Crypto Exchange FTX and Alameda Seek to Retrieve $71 Million from Philanthropic and Life Science Entities Defunct cryptocurrency exchange FTX and its sister company Alameda Research are seeking clawbacks from FTX's philanthropic arm and other life science entities. According to court documents filed on Wednesday, the firms are seeking to recover more than $71 million that was allegedly diverted from the FTX Foundation and “Latona” – a “sham non-profit company organized in the Bahamas” – for ...

Crypto Exchange FTX and Alameda Seek to Retrieve $71 Million from Philanthropic and Life Science Entities

Defunct cryptocurrency exchange FTX and its sister company Alameda Research are seeking clawbacks from FTX's philanthropic arm and other life science entities.

According to court documents filed on Wednesday, the firms are seeking to recover more than $71 million that was allegedly diverted from the FTX Foundation and “Latona” – a “sham non-profit company organized in the Bahamas” – for ex-FTX boss Sam Bankman Fried (SBF)’s personal aggrandizement and political influence.

Lawyers representing FTX and Alameda Research argued that the funds were transferred to life science companies, including Lumen Bioscience Inc. and Platform Life Sciences Inc., purportedly to support “effective altruism” – a philosophy often espoused by SBF before his empire came crashing down.
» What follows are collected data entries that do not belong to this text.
(* Let $A$ be an infinite set, $(x_n^* )_{ n \in \mathbb{N} }$ a sequence in $[-1,1]^A$ and $(f_n)_{ n \in \mathbb{N} }$ a sequence in $FBL(A)$ such that: (1) $f_n \geq 0$ for every $n$; (2) $f_n(x_n^* )=1$ for every $n$; (3) for every finite set $F\subseteq A$ there is $n\in\mathbb{N}$ with $x_n^*|_F=0$. Then for every $\varepsilon>0$ there is a subsequence $(f_{n_k})_{ k \in \mathbb{N} }$ such that $\big\| \sum_{k=1}^{m} f_{n_k} \big\| \geq m - \varepsilon$ for every $m\in \mathbb{N}$.
   Context: For a nonempty set $A$ and $x\in A$, $\delta_x:[-1,1]^A\to[-1,1]$ is $\delta_x(x^* )=x^*(x)$. For $f:[-1,1]^A\to\mathbb{R}$, $$\|f\| = \sup \Big\{\sum_{i = 1}^n | f(x_{i}^{\ast})| : n \in \mathbb{N},\ x_1^{\ast}, \ldots, x_n^{\ast} \in [-1,1]^A,\ \sup_{x \in A} \sum_{i=1}^n |x_i^{\ast}(x)| \leq 1 \Big\}.$$ $FBL(A)$ is the Banach lattice generated by the functions $\delta_x$ ($x\in A$) inside the Banach lattice of all functions $[-1,1]^A\to\mathbb{R}$ with finite norm (pointwise operations and order), equipped with this norm. $[-1,1]^A$ carries the product topology. *)

theory Defs
  imports "HOL-Analysis.Analysis"
begin

definition cube :: "'a set \<Rightarrow> ('a \<Rightarrow> real) set" where
  "cube A = PiE A (\<lambda>_. {-1..1})"

text \<open>Functions [-1,1]^A to R are represented as functions vanishing off the cube.\<close>
definition delta :: "'a set \<Rightarrow> 'a \<Rightarrow> ('a \<Rightarrow> real) \<Rightarrow> real" where
  "delta A x = (\<lambda>xs. if xs \<in> cube A then xs x else 0)"

definition fbl_norm_set :: "'a set \<Rightarrow> (('a \<Rightarrow> real) \<Rightarrow> real) \<Rightarrow> real set" where
  "fbl_norm_set A f = {(\<Sum>i<n. \<bar>f (xs i)\<bar>) | (n::nat) xs.
      (\<forall>i<n. xs i \<in> cube A) \<and> (\<forall>a\<in>A. (\<Sum>i<n. \<bar>xs i a\<bar>) \<le> 1)}"

definition fbl_norm :: "'a set \<Rightarrow> (('a \<Rightarrow> real) \<Rightarrow> real) \<Rightarrow> real" where
  "fbl_norm A f = Sup (fbl_norm_set A f)"

definition fin_norm_space :: "'a set \<Rightarrow> (('a \<Rightarrow> real) \<Rightarrow> real) set" where
  "fin_norm_space A = {f. (\<forall>xs. xs \<notin> cube A \<longrightarrow> f xs = 0) \<and> bdd_above (fbl_norm_set A f)}"

text \<open>FBL(A): the smallest closed vector sublattice of H containing all delta functions.\<close>
definition FBL :: "'a set \<Rightarrow> (('a \<Rightarrow> real) \<Rightarrow> real) set" where
  "FBL A = \<Inter> {S. S \<subseteq> fin_norm_space A
     \<and> (\<forall>x\<in>A. delta A x \<in> S)
     \<and> (\<lambda>t. 0) \<in> S
     \<and> (\<forall>f\<in>S. \<forall>g\<in>S. (\<lambda>t. f t + g t) \<in> S)
     \<and> (\<forall>c::real. \<forall>f\<in>S. (\<lambda>t. c * f t) \<in> S)
     \<and> (\<forall>f\<in>S. \<forall>g\<in>S. (\<lambda>t. max (f t) (g t)) \<in> S)
     \<and> (\<forall>g h. (\<forall>n::nat. g n \<in> S) \<and> h \<in> fin_norm_space A
              \<and> (\<lambda>n. fbl_norm A (\<lambda>t. g n t - h t)) \<longlonglongrightarrow> 0 \<longrightarrow> h \<in> S)}"

end

theory Submission
  imports Defs
begin

text \<open>Every element f of FBL(A) vanishes at the origin and is finitely determined: it is the
  uniform limit on the cube of its truncations t |-> f(t 1_G) along the finite sets G \<subseteq> A.
  Indeed such functions form a closed vector sublattice containing the \<delta>_x, since the FBL norm
  dominates the supremum norm on the cube. Choose indices n_k inductively such that x_{n_k}
  vanishes on the finite sets F_j (j < k) chosen before, where F_k satisfies
  f_{n_k}(x_{n_k} 1_{F_k}) > 1 - \<epsilon>/2^(k+1). The points y_k = x_{n_k} 1_{F_k} have disjoint
  supports, so y_0, ..., y_{m-1} is admissible in the definition of the norm, and positivity of
  the f_n gives ||\<Sum>_{k<m} f_{n_k}|| \<ge> \<Sum>_{k<m} f_{n_k}(y_k) \<ge> m - \<epsilon>.\<close>

definition truncate :: "'a set \<Rightarrow> 'a set \<Rightarrow> ('a \<Rightarrow> real) \<Rightarrow> ('a \<Rightarrow> real)" where
  "truncate A G t = (\<lambda>a\<in>A. if a \<in> G then t a else 0)"

definition finitely_determined :: "'a set \<Rightarrow> (('a \<Rightarrow> real) \<Rightarrow> real) \<Rightarrow> bool" where
  "finitely_determined A f \<longleftrightarrow>
     uniform_limit (cube A) (\<lambda>G t. f (truncate A G t)) f (finite_subsets_at_top A)"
The philosophy advocates for the redistribution of wealth from wealthy individuals to those in need. However, FTX’s lawyers claim that the true intention behind these transactions was far from philanthropic. “Bankman-Fried in fact pursued these transactions because he believed that doing so would generate goodwill and amass political capital and influence for himself," the lawyers said in the filing.

Fake Altruism

Though Alameda and FTX received no explicit benefits from these investments (equity, shares, etc), lawyers argue that both SBF and Ross Rheingans-Yoo, who headed Latona, intended to personally reap any profits the companies generated if they turned out successful.
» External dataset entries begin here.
lemma integral_eq_const_on_support:
  fixes g :: "'a \<Rightarrow> real"
  assumes "\<And>x. x \<in> set_pmf M \<Longrightarrow> g x = c"
  shows "(\<integral>x. g x \<partial>M) = c"
proof -
  have "(\<integral>x. g x \<partial>M) = (\<integral>x. c \<partial>M)"
    using assms by (intro integral_cong_AE) (auto intro: AE_pmfI)
  then show ?thesis by simp
qed

lemma integral_pair_pmf_finite:
  fixes h :: "'a \<times> 'b \<Rightarrow> real"
  assumes P: "finite (set_pmf P)" and Q: "finite (set_pmf Q)"
  shows "(\<integral>x. h x \<partial>pair_pmf P Q) = (\<integral>b. (\<integral>a. h (a, b) \<partial>P) \<partial>Q)"
proof -
  have "(\<integral>x. h x \<partial>pair_pmf P Q) = (\<Sum>x\<in>set_pmf P \<times> set_pmf Q. h x * pmf (pair_pmf P Q) x)"
    by (rule integral_measure_pmf_real) (use P Q in auto)
  also have "\<dots> = (\<Sum>a\<in>set_pmf P. \<Sum>b\<in>set_pmf Q. h (a, b) * (pmf P a * pmf Q b))"
    by (auto simp: sum.cartesian_product pmf_pair intro!: sum.cong)
  also have "\<dots> = (\<Sum>b\<in>set_pmf Q. (\<Sum>a\<in>set_pmf P. h (a, b) * pmf P a) * pmf Q b)"
    by (subst sum.swap) (simp add: sum_distrib_right mult.assoc)
  also have "\<dots> = (\<Sum>b\<in>set_pmf Q. (\<integral>a. h (a, b) \<partial>P) * pmf Q b)"
    by (intro sum.cong refl, subst integral_measure_pmf_real[of "set_pmf P"]) (use P in auto)
  also have "\<dots> = (\<integral>b. (\<integral>a. h (a, b) \<partial>P) \<partial>Q)"
    by (rule integral_measure_pmf_real[symmetric]) (use Q in auto)
  finally show ?thesis .
qed

lemma integral_Pi_pmf_remove:
  fixes g :: "('i \<Rightarrow> 'a) \<Rightarrow> real"
  assumes A: "finite A" and l: "l \<in> A" and fin: "\<And>x. x \<in> A \<Longrightarrow> finite (set_pmf (p x))"
  shows "(\<integral>f. g f \<partial>Pi_pmf A d p) = (\<integral>f. (\<integral>y. g (f(l := y)) \<partial>p l) \<partial>Pi_pmf (A - {l}) d p)"
proof -
  have "Pi_pmf A d p = map_pmf (\<lambda>(y, f). f(l := y)) (pair_pmf (p l) (Pi_pmf (A - {l}) d p))"
    using Pi_pmf_insert[of "A - {l}" l d p] A l by (simp add: insert_absorb)
  then have "(\<integral>f. g f \<partial>Pi_pmf A d p)
      = (\<integral>x. g ((snd x)(l := fst x)) \<partial>pair_pmf (p l) (Pi_pmf (A - {l}) d p))"
    by (simp add: case_prod_beta)
  also have "\<dots> = (\<integral>f. (\<integral>y. g (f(l := y)) \<partial>p l) \<partial>Pi_pmf (A - {l}) d p)"
    using integral_pair_pmf_finite[where h = "\<lambda>x. g ((snd x)(l := fst x))",
        OF fin[OF l] finite_set_Pi_pmf[of "A - {l}" p d]] A fin
    by simp
  finally show ?thesis .
qed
In private messages unveiled by Vox at the time, SBF confessed that much of the “ethics stuff” he did prior to his exchange’s exposure was a “front” to maintain his reputation. “All the dumb shit I said, it’s not true, not really,” he wrote at the time. “This dumb game we woke westerners play where we say all the right shibboleths and so everyone likes us.”

In February, the United States Democratic Party only agreed to return ~3% of donations it had received from FTX and SBF before the exchange’s collapse.